▸ **TASK DATA**:
lemma aut_wf_prod_aut:
  assumes wf: "\<forall>B\<in>set Bs. aut_wf k B"
  shows "aut_wf k (prod_aut k Bs)"
proof (rule aut_wfI)
  let ?P = "prod_aut k Bs"
  have wf_nth: "aut_wf k (Bs ! i)" if "i < length Bs" for i
    using wf that by simp
  have quiescent_in: "map quiescent Bs \<in> prod_states Bs"
    using wf_nth by (simp add: prod_states_def aut_wf_def)
  show "finite (states ?P)"
    using wf by (simp add: finite_prod_states aut_wf_def)
  show "quiescent ?P \<in> states ?P"
    using quiescent_in by simp
  show "gen ?P i \<in> states ?P" for i
  proof (cases "length (from_nat i :: bool list) = 2*k")
    case True
    then have "map (\<lambda>B. gen B (tau B (from_nat i))) Bs \<in> prod_states Bs"
      using wf_nth True by (auto simp: prod_states_def intro: aut_wf_gen_tau_in_states)
    then show ?thesis using True by (simp add: prod_aut_def)
  next
    case False
    then show ?thesis using quiescent_in by (simp add: prod_aut_def)
  qed
  show "firing ?P \<subseteq> states ?P"
    by auto
  show "quiescent ?P \<notin> firing ?P"
    using wf_nth by (auto simp: inj_image_mem_iff[OF inj_to_nat] aut_wf_def)
  show "tau ?P b < ngen ?P" if "length b = 2*k" for b
    using that finite_lists_length_eq[of "UNIV :: bool set" "2*k"]
    by (simp add: le_imp_less_Suc)
  show "delta ?P s ns \<in> states ?P"
    if "s \<in> states ?P" and "ns \<in> nbhd_vectors k (states ?P)" for s ns
  proof -
    have "map (map_option (\<lambda>y. (from_nat y :: nat list) ! i)) ns \<in> nbhd_vectors k (states (Bs ! i))"
      if "i < length Bs" for i
      using \<open>ns \<in> _\<close> \<open>i < length Bs\<close>
      by (auto intro!: map_option_in_nbhd_vectors simp: prod_states_def)
    moreover obtain xs where "s = to_nat xs" and "xs \<in> prod_states Bs"
      using \<open>s \<in> _\<close> by auto
    moreover have "map (\<lambda>i. delta (Bs ! i) (xs ! i)
        (map (map_option (\<lambda>y. (from_nat y :: nat list) ! i)) ns)) [0..<length Bs] \<in> prod_states Bs"
      using calculation wf_nth by (auto simp: prod_states_def intro: aut_wf_delta_in_states)
    ultimately show ?thesis by simp
  qed
  show "delta ?P (quiescent ?P) ns = quiescent ?P"
    if "ns \<in> nbhd_vectors k {quiescent ?P}" for ns
  proof -
    have "map (map_option (\<lambda>y. (from_nat y :: nat list) ! i)) ns \<in> nbhd_vectors k {quiescent (Bs ! i)}"
      if "i < length Bs" for i
      using \<open>ns \<in> _\<close> \<open>i < length Bs\<close> by (auto intro!: map_option_in_nbhd_vectors)
    then have "delta (Bs ! i) (quiescent (Bs ! i))
        (map (map_option (\<lambda>y. (from_nat y :: nat list) ! i)) ns) = quiescent (Bs ! i)"
      if "i < length Bs" for i
      using that wf_nth aut_wf_delta_quiescent by blast
    then have "map (\<lambda>i. delta (Bs ! i) (map quiescent Bs ! i)
        (map (map_option (\<lambda>y. (from_nat y :: nat list) ! i)) ns)) [0..<length Bs] = map quiescent Bs"
      by (intro nth_equalityI) simp_all
    then show ?thesis by simp
  qed
qed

▸ **TASK DIRECTIONS**:
Make a word-for-word transcription of the listing above.

▸ **SOLUTION BELOW**:
lemma aut_wf_prod_aut:
  assumes wf: "\<forall>B\<in>set Bs. aut_wf k B"
  shows "aut_wf k (prod_aut k Bs)"
proof (rule aut_wfI)
  let ?P = "prod_aut k Bs"
  have wf_nth: "aut_wf k (Bs ! i)" if "i < length Bs" for i
    using wf that by simp
  have quiescent_in: "map quiescent Bs \<in> prod_states Bs"
    using wf_nth by (simp add: prod_states_def aut_wf_def)
  show "finite (states ?P)"
    using wf by (simp add: finite_prod_states aut_wf_def)
  show "quiescent ?P \<in> states ?P"
    using quiescent_in by simp
  show "gen ?P i \<in> states ?P" for i
  proof (cases "length (from_nat i :: bool list) = 2*k")
    case True
    then have "map (\<lambda>B. gen B (tau B (from_nat i))) Bs \<in> prod_states Bs"
      using wf_nth True by (auto simp: prod_states_def intro: aut_wf_gen_tau_in_states)
    then show ?thesis using True by (simp add: prod_aut_def)
  next
    case False
    then show ?thesis using quiescent_in by (simp add: prod_aut_def)
  qed
  show "firing ?P \<subseteq> states ?P"
    by auto
  show "quiescent ?P \<notin> firing ?P"
    using wf_nth by (auto simp: inj_image_mem_iff[OF inj_to_nat] aut_wf_def)
  show "tau ?P b < ngen ?P" if "length b = 2*k" for b
    using that finite_lists_length_eq[of "UNIV :: bool set" "2*k"]
    by (simp add: le_imp_less_Suc)
  show "delta ?P s ns \<in> states ?P"
    if "s \<in> states ?P" and "ns \<in> nbhd_vectors k (states ?P)" for s ns
  proof -
    have "map (map_option (\<lambda>y. (from_nat y :: nat list) ! i)) ns \<in> nbhd_vectors k (states (Bs ! i))"
      if "i < length Bs" for i
      using \<open>ns \<in> _\<close> \<open>i < length Bs\<close>
      by (auto intro!: map_option_in_nbhd_vectors simp: prod_states_def)
    moreover obtain xs where "s = to_nat xs" and "xs \<in> prod_states Bs"
      using \<open>s \<in> _\<close> by auto
    moreover have "map (\<lambda>i. delta (Bs ! i) (xs ! i)
        (map (map_option (\<lambda>y. (from_nat y :: nat list) ! i)) ns)) [0..<length Bs] \<in> prod_states Bs"
      using calculation wf_nth by (auto simp: prod_states_def intro: aut_wf_delta_in_states)
    ultimately show ?thesis by simp
  qed
  show "delta ?P (quiescent ?P) ns = quiescent ?P"
    if "ns \<in> nbhd_vectors k {quiescent ?P}" for ns
  proof -
    have "map (map_option (\<lambda>y. (from_nat y :: nat list) ! i)) ns \<in> nbhd_vectors k {quiescent (Bs ! i)}"
      if "i < length Bs" for i
      using \<open>ns \<in> _\<close> \<open>i < length Bs\<close> by (auto intro!: map_option_in_nbhd_vectors)
    then have "delta (Bs ! i) (quiescent (Bs ! i))
        (map (map_option (\<lambda>y. (from_nat y :: nat list) ! i)) ns) = quiescent (Bs ! i)"
      if "i < length Bs" for i
      using that wf_nth aut_wf_delta_quiescent by blast
    then have "map (\<lambda>i. delta (Bs ! i) (map quiescent Bs ! i)
        (map (map_option (\<lambda>y. (from_nat y :: nat list) ! i)) ns)) [0..<length Bs] = map quiescent Bs"
      by (intro nth_equalityI) simp_all
    then show ?thesis by simp
  qed
qed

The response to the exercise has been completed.